Here, we present an integrated approach to the weakly viscoelastic fluid printability assessment by using global dimensionless criteria (DC). The problem was studied on a model semidiluted polyvinylpyrrolidone water-based ink. For the study purpose, the ink composition was kept as simple as possible. First, the solution density, viscosity, and surface tension were determined. Obtained data were used for testing limitations of DC printability diagrams already available for Newtonian fluids. A replotted version of the original Kim and Baek's map was developed emphasizing the importance of surface tension in the drop formation process. Another set of DC (e.g., Ec and De) was also used for a real evaluation of the viscoelasticity effect on both jetting conditions and drop formation. The polymer relaxation time as a crucial parameter for viscoelasticity was shown to be calculated using the Kuhn segment length rather than from Zimm and Rouse theories for diluted polymer systems. Then, a two-dimensional diagram using four DC (Oh and De with Ec and El as parameters) is proposed based on the famous McKinley's work.
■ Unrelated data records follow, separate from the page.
lemma generated_by_local_if_not_entangled:
  assumes stab: "toy_stabilizer (NA + NB) S" and not_ent: "\<not> entangled NA NB S"
  shows "S = gen (NA + NB) (S_A NA NB S \<union> S_B NA NB S)"
proof -
  obtain TA TB where TA: "toy_stabilizer NA TA" and TB: "toy_stabilizer NB TB"
    and product: "epistemic (NA + NB) S = {a @ b | a b. a \<in> epistemic NA TA \<and> b \<in> epistemic NB TB}"
    using not_ent unfolding entangled_def valid_epistemic_def by blast
  define L where "L = S_A NA NB S \<union> S_B NA NB S"
  define U where "U = pad 0 NB ` TA \<union> pad NA 0 ` TB"
  have S: "toy_subgroup (NA + NB) S" "tminus_one (NA + NB) \<notin> S" and S_sub: "S \<subseteq> toyG (NA + NB)"
    using stab by (simp_all add: toy_stabilizer_def toy_subgroup_def)
  have L_sub: "L \<subseteq> S"
    unfolding L_def by (rule S_A_Un_S_B_subset)
  then have L_sub_toyG: "L \<subseteq> toyG (NA + NB)"
    using S_sub by blast
  have TA_sub: "TA \<subseteq> toyG NA" and TB_sub: "TB \<subseteq> toyG NB"
    using TA TB by (simp_all add: toy_stabilizer_def toy_subgroup_def)
  have epistemic_U: "epistemic (NA + NB) U = epistemic (NA + NB) S"
    using product epistemic_pad_product[OF TA_sub TB_sub] by (simp add: U_def)
  have "U \<subseteq> S"
  proof
    fix u assume "u \<in> U"
    moreover have "u \<in> toyG (NA + NB)"
      using \<open>u \<in> U\<close> TA_sub TB_sub pad_mem_toyG[of _ NA 0 NB] pad_mem_toyG[of _ NB NA 0]
      by (auto simp: U_def)
    ultimately show "u \<in> S"
      using mem_iff_fixes_epistemic[OF S] epistemic_U by (auto simp: epistemic_eq)
  qed
  then have "TA \<subseteq> local_group 0 NA NB S" "TB \<subseteq> local_group NA NB 0 S"
    using TA_sub TB_sub by (auto simp: U_def local_group_def)
  then have "U \<subseteq> L"
    unfolding U_def L_def S_A_eq[OF S_sub] S_B_eq[OF S_sub] by blast
  have "epistemic (NA + NB) (gen (NA + NB) L) = epistemic (NA + NB) L"
    using L_sub_toyG by (rule epistemic_gen)
  also have "\<dots> \<subseteq> epistemic (NA + NB) U"
    using \<open>U \<subseteq> L\<close> by (rule epistemic_antimono)
  finally have epistemic_le: "epistemic (NA + NB) (gen (NA + NB) L) \<subseteq> epistemic (NA + NB) S"
    by (simp add: epistemic_U)
  have gen_sub: "gen (NA + NB) L \<subseteq> S"
    using S(1) L_sub by (rule gen_least)
  have "S \<subseteq> gen (NA + NB) L"
  proof
    fix g assume "g \<in> S"
    then have "g \<in> toyG (NA + NB)" "\<forall>s\<in>epistemic (NA + NB) S. toy_entry g s = 1"
      using S_sub by (auto simp: epistemic_eq)
    then show "g \<in> gen (NA + NB) L"
      using mem_iff_fixes_epistemic[OF toy_subgroup_gen[OF L_sub_toyG]] gen_sub S(2) epistemic_le
      by blast
  qed
  with gen_sub show ?thesis by (simp add: L_def)
qed

theorem mainTheorem7:
  fixes NA NB :: nat and S :: "toy set"
  assumes "toy_stabilizer (NA + NB) S"
    and "max_info (NA + NB) S"
  shows "entangled NA NB S \<longleftrightarrow> S \<noteq> gen (NA + NB) (S_A NA NB S \<union> S_B NA NB S)"
  using not_entangled_if_generated_by_local[OF assms(1)]
    generated_by_local_if_not_entangled[OF assms(1)] by blast

end
text \<open>Common ancestors form a finite chain containing r; its deepest element lies below all others.\<close>

lemma deepest_common_ancestor:
  assumes rt: "rooted_tree V r p" and u: "u \<in> V" and v: "v \<in> V"
  shows "\<exists>a \<in> ancestors p u \<inter> ancestors p v.
           \<forall>b \<in> ancestors p u \<inter> ancestors p v. b \<in> ancestors p a"
proof -
  define C where "C = ancestors p u \<inter> ancestors p v"
  have "finite C"
    using ancestors_subset[OF rt u] rt unfolding C_def rooted_tree_def by (meson finite_Int finite_subset)
  moreover have "r \<in> C" using root_in_ancestors[OF rt] u v unfolding C_def by blast
  ultimately have "Max (depth p r ` C) \<in> depth p r ` C" by (intro Max_in) auto
  then obtain a where aC: "a \<in> C" and "depth p r a = Max (depth p r ` C)" by auto
  then have a_max: "\<And>b. b \<in> C \<Longrightarrow> depth p r b \<le> depth p r a"
    using \<open>finite C\<close> by simp
  have "b \<in> ancestors p a" if bC: "b \<in> C" for b
  proof -
    have bV: "b \<in> V" using bC ancestors_subset[OF rt u] unfolding C_def by blast
    have "b \<in> ancestors p a \<or> a \<in> ancestors p b"
      using ancestors_linear[of b p u a] aC bC unfolding C_def by blast
    moreover have "a = b" if ab: "a \<in> ancestors p b"
    proof -
      have "depth p r a = depth p r b"
        using depth_ancestor_le[OF rt bV ab] a_max[OF bC] by simp
      then show ?thesis using depth_ancestor_eq[OF rt bV ab] by simp
    qed
    ultimately show ?thesis using ancestors_refl by blast
  qed
  with aC show ?thesis unfolding C_def by blast
qed

lemma lca_eqI:
  assumes rt: "rooted_tree V r p" and u: "u \<in> V"
    and c: "c \<in> ancestors p u \<inter> ancestors p v"
    and greatest: "\<And>b. b \<in> ancestors p u \<inter> ancestors p v \<Longrightarrow> b \<in> ancestors p c"
  shows "lca p r u v = c"
  unfolding lca_def
proof (rule the_equality)
  have cV: "c \<in> V" using c ancestors_subset[OF rt u] by blast
  have deeper: "depth p r b \<le> depth p r c" if "b \<in> ancestors p u \<inter> ancestors p v" for b
    using depth_ancestor_le[OF rt cV greatest[OF that]] .
  then show "c \<in> ancestors p u \<inter> ancestors p v \<and>
      (\<forall>b \<in> ancestors p u \<inter> ancestors p v. depth p r b \<le> depth p r c)"
    using c by blast
  fix a assume a: "a \<in> ancestors p u \<inter> ancestors p v \<and>
      (\<forall>b \<in> ancestors p u \<inter> ancestors p v. depth p r b \<le> depth p r a)"
  then have a_common: "a \<in> ancestors p u \<inter> ancestors p v" and "depth p r c \<le> depth p r a"
    using c by blast+
  then have "depth p r a = depth p r c" using deeper[OF a_common] by simp
  then show "a = c" using depth_ancestor_eq[OF rt cV greatest[OF a_common]] by simp
qed

lemma lca_ancestors:
  assumes "rooted_tree V r p" and "u \<in> V" and "v \<in> V"
  shows "lca p r u v \<in> ancestors p u \<inter> ancestors p v"
proof -
  obtain a where "a \<in> ancestors p u \<inter> ancestors p v"
    and "\<And>b. b \<in> ancestors p u \<inter> ancestors p v \<Longrightarrow> b \<in> ancestors p a"
    using deepest_common_ancestor[OF assms] by blast
  with lca_eqI[OF assms(1,2)] show ?thesis by metis
qed

lemma lca_greatest:
  assumes "rooted_tree V r p" and "u \<in> V" and "v \<in> V"
    and "b \<in> ancestors p u \<inter> ancestors p v"
  shows "b \<in> ancestors p (lca p r u v)"
proof -
  obtain a where "a \<in> ancestors p u \<inter> ancestors p v"
    and "\<And>b. b \<in> ancestors p u \<inter> ancestors p v \<Longrightarrow> b \<in> ancestors p a"
    using deepest_common_ancestor[OF assms(1-3)] by blast
  with lca_eqI[OF assms(1,2)] assms(4) show ?thesis by metis
qed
The diagram describes the interplay of possible forces responsible for filament thinning and breakup processes. Obtained results were supported by further experiments involving drop ejection and formation, determination of critical polymer concentration, and others. The proposed diagram promises a useful initial step in further investigations of viscoelasticity of polymer compounds by inkjet printing.